* **TASK DETAILS**:
All lines holding the word "also" are to be copied from the records beneath.

* **DATA UNDER STUDY**:
☆ ☆ ☆ ☆ ☆
lemma prob_all_cnt_le_in_distribution:
  fixes P :: "nat \<Rightarrow> 's pmf" and S :: "'s set" and b :: "nat \<Rightarrow> real" and M K :: nat
  defines "N \<equiv> card S" and "bmin \<equiv> Min (b ` {..<M})" and "bmax \<equiv> Max (b ` {..<M})"
  assumes "finite S" "N \<ge> 2" "s0 \<in> S" "M > 0"
    and supp: "\<And>i. i < M \<Longrightarrow> set_pmf (P i) \<subseteq> S"
    and errors: "\<And>i s. i < M \<Longrightarrow> s \<in> S \<Longrightarrow> s \<noteq> s0 \<Longrightarrow> pmf (P i) s = (1 - b i) / (real N - 1)"
    and bmin: "bmin > 1 / real N"
  shows "(\<Sum>j<K+1. real (M choose j) * bmin ^ j * (1 - bmax) ^ (M - j))
      - (real N - 1) * real (M choose (K+1)) * (1 / real N) ^ (K+1)
    \<le> measure_pmf.prob (Pi_pmf {..<M} d P) {\<omega>. \<forall>s\<in>S. cnt M \<omega> s \<le> K}"
proof -
  have N: "real N \<ge> 2" using \<open>N \<ge> 2\<close> by simp
  have correct: "pmf (P i) s0 = b i" if "i < M" for i
    using pmf_eq_of_uniform_errors[OF \<open>finite S\<close> supp[OF that] \<open>s0 \<in> S\<close>] errors[OF that] \<open>N \<ge> 2\<close>
    by (simp add: N_def)
  have bmin_le: "bmin \<le> b i" and le_bmax: "b i \<le> bmax" if "i < M" for i
    using that by (auto simp: bmin_def bmax_def)
  have "bmax \<in> b ` {..<M}"
    unfolding bmax_def using \<open>M > 0\<close> by (intro Max_in) auto
  then obtain i where "i < M" "bmax = pmf (P i) s0"
    using correct by auto
  then have "bmax \<le> 1"
    by (simp add: pmf_le_1)
  have "0 < 1 / real N"
    using N by simp
  then have "0 \<le> bmin"
    using bmin by linarith
  have wrong: "pmf (P i) s \<le> 1 / real N" if "i < M" "s \<in> S - {s0}" for i s
  proof -
    have "1 < real N * bmin"
      using bmin N by (simp add: field_simps)
    also have "\<dots> \<le> real N * b i"
      using bmin_le[OF that(1)] by (simp add: mult_left_mono)
    finally have "(1 - b i) / (real N - 1) \<le> 1 / real N"
      using N by (simp add: field_simps)
    then show ?thesis
      using errors[of i s] that by simp
  qed
  show ?thesis
    using prob_all_cnt_le_lower[of S s0 M bmin P bmax "1 / real N" K d] \<open>finite S\<close> \<open>s0 \<in> S\<close>
      bmin_le le_bmax correct \<open>0 \<le> bmin\<close> \<open>bmax \<le> 1\<close> wrong \<open>N \<ge> 2\<close>
    by (simp add: N_def of_nat_diff)
qed

lemma ensolver_eq_None_iff:
  assumes "finite S" "S \<noteq> {}" "M > 0" "real K = real M * (1 - \<tau>)"
  shows "ensolver S M \<tau> \<omega> = None \<longleftrightarrow> (\<forall>s\<in>S. cnt M \<omega> s \<le> K)"
proof -
  have "ensolver S M \<tau> \<omega> = None \<longleftrightarrow> pmax S M \<omega> \<le> 1 - \<tau>"
    by (auto simp: ensolver_def)
  also have "1 - \<tau> = real K / real M"
    using assms(3,4) by (simp add: field_simps)
  also have "pmax S M \<omega> \<le> real K / real M
      \<longleftrightarrow> (\<forall>s\<in>S. real (cnt M \<omega> s) / real M \<le> real K / real M)"
    unfolding pmax_def using assms(1,2) by simp
  also have "\<dots> \<longleftrightarrow> (\<forall>s\<in>S. cnt M \<omega> s \<le> K)"
    using assms(3) by (simp add: divide_le_cancel)
  finally show ?thesis .
qed

lemma err_bound_gt:
  assumes "real K = real M * (1 - \<tau>)" "N \<ge> 2"
  shows "(real N - 1) * real (M choose (K+1)) * (1 / real N) ^ (K+1) < err_bound M N \<tau>"
proof -
  have "(real N - 1) * real (M choose (K+1)) \<le> (real N - 1) * real (M choose (M div 2))"
    using binomial_maximum[of M "K+1"] assms(2) by (intro mult_left_mono) auto
  also have "\<dots> < real N * real (M choose (M div 2))"
    by (simp add: algebra_simps)
  finally have "(real N - 1) * real (M choose (K+1)) < real N * real (M choose (M div 2))" .
  then have "(real N - 1) * real (M choose (K+1)) * (1 / real N) ^ (K+1)
      < real N * real (M choose (M div 2)) * (1 / real N) ^ (K+1)"
    using assms(2) by (intro mult_strict_right_mono) auto
  also have "\<dots> = err_bound M N \<tau>"
    using assms by (simp add: err_bound_def powr_minus powr_realpow field_simps flip: assms(1))
  finally show ?thesis .
qed

theorem lemma4:
  fixes p :: "'x pmf" and Xin :: "'x set" and sx :: "'x \<Rightarrow> 's"
    and S :: "'s set" and mdl :: "nat \<Rightarrow> 'x \<Rightarrow> 's pmf"
    and M K :: nat and \<tau> :: real
  defines "N \<equiv> card S"
      and "\<alpha> \<equiv> measure_pmf.prob p Xin"
      and "\<beta> \<equiv> beta p mdl M Xin sx"
  defines "\<beta>min \<equiv> Min (\<beta> ` {..<M})"
      and "\<beta>max \<equiv> Max (\<beta> ` {..<M})"
  assumes finS: "finite S" and N2: "N \<ge> 2"
    and sx_S: "\<And>x. sx x \<in> S"
    and pred_S: "\<And>i x. i < M \<Longrightarrow> set_pmf (mdl i x) \<subseteq> S"
    and tau: "0 < \<tau>" "\<tau> \<le> 1"
    and K: "K > 0" "real K = real M * (1 - \<tau>)"
    and A1: "\<beta>min > 1 / real N"
    and A2: "\<And>i x s. i < M \<Longrightarrow> x \<in> set_pmf p \<Longrightarrow> x \<in> Xin \<Longrightarrow> s \<in> S \<Longrightarrow> s \<noteq> sx x \<Longrightarrow>
               pmf (mdl i x) s = (1 - \<beta> i) / (real N - 1)"
    and A3: "\<And>i x s. i < M \<Longrightarrow> x \<in> set_pmf p \<Longrightarrow> x \<notin> Xin \<Longrightarrow> s \<in> S \<Longrightarrow>
               pmf (mdl i x) s = 1 / real N"
  shows "measure_pmf.prob (joint p mdl M) {z. ensolver S M \<tau> (snd z) = None}
     > \<alpha> * (\<Sum>i\<in>{..<K+1}. real (M choose i) * \<beta>min ^ i * (1 - \<beta>max) ^ (M - i))
       + (1 - \<alpha>) - (real N - \<alpha>) / (real N - 1) * err_bound M N \<tau>"
proof -
  let ?Sum = "\<Sum>i\<in>{..<K+1}. real (M choose i) * \<beta>min ^ i * (1 - \<beta>max) ^ (M - i)"
  let ?Skip = "{\<omega>. \<forall>s\<in>S. cnt M \<omega> s \<le> K}"
  define E where "E = real (M choose (K+1)) * (1 / real N) ^ (K+1)"
  have "M > 0" using K by (cases M) auto
  have "S \<noteq> {}" using N2 by (auto simp: N_def)
  have skip: "{z. ensolver S M \<tau> (snd z) = None} = snd -` ?Skip"
    using ensolver_eq_None_iff[OF finS \<open>S \<noteq> {}\<close> \<open>M > 0\<close> K(2)] by auto
  have in_bound: "?Sum - (real N - 1) * E
      \<le> measure_pmf.prob (Pi_pmf {..<M} undefined (\<lambda>i. mdl i x)) ?Skip"
    if "x \<in> set_pmf p" "x \<in> Xin" for x
    using prob_all_cnt_le_in_distribution[of S "sx x" M "\<lambda>i. mdl i x" \<beta>] finS N2 sx_S pred_S
      \<open>M > 0\<close> A1 A2 that unfolding E_def \<beta>min_def \<beta>max_def N_def by (simp add: mult.assoc)
  have out_bound: "1 - real N * E \<le> measure_pmf.prob (Pi_pmf {..<M} undefined (\<lambda>i. mdl i x)) ?Skip"
    if "x \<in> set_pmf p" "x \<notin> Xin" for x
    using prob_all_cnt_le_uniform[of S M "\<lambda>i. mdl i x" "1 / real N" K undefined] finS A3 that
    unfolding E_def N_def by (simp add: mult.assoc)
  have "\<alpha> * (?Sum - (real N - 1) * E) + (1 - \<alpha>) * (1 - real N * E)
      \<le> measure_pmf.prob (joint p mdl M) (snd -` ?Skip)"
    unfolding joint_def \<alpha>_def using in_bound out_bound
    by (intro prob_bind_pmf_ge_cases) (simp_all add: vimage_def)
  moreover have "(real N - \<alpha>) * E < (real N - \<alpha>) / (real N - 1) * err_bound M N \<tau>"
  proof -
    have "(real N - \<alpha>) / (real N - 1) * ((real N - 1) * E)
        < (real N - \<alpha>) / (real N - 1) * err_bound M N \<tau>"
      using err_bound_gt[OF K(2) N2] N2 measure_pmf.prob_le_1[of p Xin, folded \<alpha>_def]
      by (intro mult_strict_left_mono divide_pos_pos) (simp_all add: E_def mult.assoc)
    then show ?thesis
      using N2 by simp
  qed
  ultimately show ?thesis
    unfolding skip by (simp add: algebra_simps)
qed

end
☆ ☆ ☆ ☆ ☆
* **TASK RESPONSE**:
    also have "\<dots> \<le> real N * b i"
  also have "1 - \<tau> = real K / real M"
  also have "pmax S M \<omega> \<le> real K / real M
  also have "\<dots> \<longleftrightarrow> (\<forall>s\<in>S. cnt M \<omega> s \<le> K)"
  also have "\<dots> < real N * real (M choose (M div 2))"
  also have "\<dots> = err_bound M N \<tau>"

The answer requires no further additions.